Saturday, February 2, 2008

Saturday - Day + 52

I hope the silence on the blog hasn’t worried anyone. My apologies to everyone. Hopefully, you can all assume that “no news is good news” if the posts aren’t as frequent. But I do want to say how much each and every one of your messages, prayers and well wishes have meant to me. THANK YOU!

I guess writing my own update for the very first time was harder than I thought. I am definitely not as eloquent as Todd and I admit that our 8 year old, Kylie, has better typing skills than I do! I am one of those people who “hunt and peck” with two fingers! So, first, I thought I’d share the e-mail that I sent to our families about my clinic visit on Thursday:

Hello Family!

Don’t be too surprised that I am writing my own update! And don’t flip at the time I am writing it! It all comes with good news. The clinic visit went really well. All my counts look great and all in normal range. No procrit shot- red blood cells are good. Dr. V. reduced my steroid again (the steroid is one med that keeps me awake and throws off my sleep schedule—why I am up right now). But she did prescribe a new sleep-aid to get me through the steroid. I should be completely off in about two weeks. So, in a few weeks I will be off a lot of these meds. Great news! The steroid also has the effect of making me hungry all the time! I put almost 5 lbs. on the past week and a half! My favorites right now are bean and cheese tacos from Taco Cabana. So, every week we go to Dallas, we pick up 10 or so tacos to take home. So, to say the least, Dr. V. and her PA, Laura are thrilled. Lots of smiles today. No signs of GVHD, CMV results are negative, IGG are normal and Prograf level results I’ll get tomorrow. The sleep-aid seems to be kicking in. I feel very relaxed now…. Time to catch some Zs.

Every one is doing well. I love my time with the girls and the “beast”. Alissa has been here this week to help. It’s been fun. Todd’s working a ton so I sure miss him during the days. Kind of makes having clinic days nice because we have time together. Dr. V. said she’ll see us next Thursday! That’s all for now.

Love and miss you,


It is hard to believe that I am half way to the big “100 day” milestone. Time has been this complete paradox. Friday, September 21st, the day I was diagnosed with Leukemia-CANCER- was devastating and time and life felt like it just stopped. Well, really only like for 10 minutes, that seemed like forever, and wiping tears from my face I told Todd “O.K. Let’s do this.” And we made the decision where to go for treatment, got up, left this oncologist’s office and headed to the hospital.

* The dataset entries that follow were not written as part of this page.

(* Let $\mathcal{H}=\mathbb{C}^d$ with orthonormal classical basis $\{|0\rangle,\dots,|d-1\rangle\}$, and let $U_{CD}$ be the unitary on $\mathbb{C}^d\otimes\mathbb{C}^d$ given by $U_{CD}|i,j\rangle=|i,\,j\oplus_d i\rangle$ (so $U_{CD}|i\rangle|0\rangle=|i\rangle|i\rangle$). For every density matrix $\rho$ on $\mathbb{C}^d$, the output $\rho'=U_{CD}(\rho\otimes|0\rangle\langle0|)U_{CD}^\dagger$ satisfies $S_N(\rho')=N_S(\rho)$. In particular $\rho'$ is entangled if and only if $\rho$ is nonclassical, and if $\hat M$ is a Hermitian operator on $\mathbb{C}^d$ with $\mathrm{Tr}(\hat M\rho)>\max_i\langle i|\hat M|i\rangle$, then $\rho'$ is entangled.
   Context: $\oplus_d$ denotes addition modulo $d$. The superposition number $r(\psi)$ of a pure state $|\psi\rangle=\sum_i c_i|i\rangle$ is the number of nonzero coefficients $c_i$; for a mixed state, $N_S(\rho)=\inf\{\sup_i r(\psi_i):\rho=\sum_ip_i|\psi_i\rangle\langle\psi_i|\}$, the infimum over all decompositions of $\rho$ into pure states with $p_i>0$. The Schmidt rank $r(\Psi)$ of a pure bipartite state is the number of nonzero coefficients in its Schmidt decomposition, and the Schmidt number of a bipartite mixed state is $S_N(\rho)=\inf\{\sup_i r(\Psi_i):\rho=\sum_ip_i|\Psi_i\rangle\langle\Psi_i|\}$. Classical single-system states are those with $N_S=1$ (convex combinations of the $|i\rangle\langle i|$); a bipartite state is entangled iff its Schmidt number exceeds 1. *)

theory Defs
  imports Complex_Main "Jordan_Normal_Form.Matrix"
begin

text \<open>Conventions: C^d vectors are complex vec of dimension d (classical basis = standard
basis); C^d (x) C^d is C^(d*d) with |i,j> the basis vector of index i*d+j.\<close>

definition cinner :: "nat \<Rightarrow> complex vec \<Rightarrow> complex vec \<Rightarrow> complex" where
  "cinner n x y = (\<Sum>i<n. cnj (x $ i) * y $ i)"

I don’t remember two-thirds of that time (thanks to wonderful narcotics—I’ll share more of my thoughts on drugs another time). This was a tremendous blessing. To be spared the true concept of time. Time away from my children… but again, I’ll share those thoughts another time.

Then it wasn’t until I left Harris Methodist after completing the Induction Chemotherapy—32 days (in REMISSION!) and was home for a few days, my mind starting to come out of this “medicated head fog” that I read this blog for the first time. I was learning about my own treatment, the ups and downs, and began to understand and learn about AML, but to learn about the overwhelming love and support that was given on my behalf and my family—it was truly humbling. Another thought that I will share later—CHARITY- “the pure love of Jesus Christ” (J0hn 13:34-35).

I feel like there is so much to say. And yet again, TIME is passing and sleep medications are beginning to do their job.

I don’t suppose there was any order to my rambling tonight. Perhaps even a bit confusing. “What exactly is Courtney trying to say?!” Making some of you wonder exactly what kind of drugs the doctors have me on! Only the best!

I promise my postings will somehow unfold in a way that express what my heart has wanted to share with all of you for so long. And if I am not able to find the right words, Todd is right by my side! With love, good night!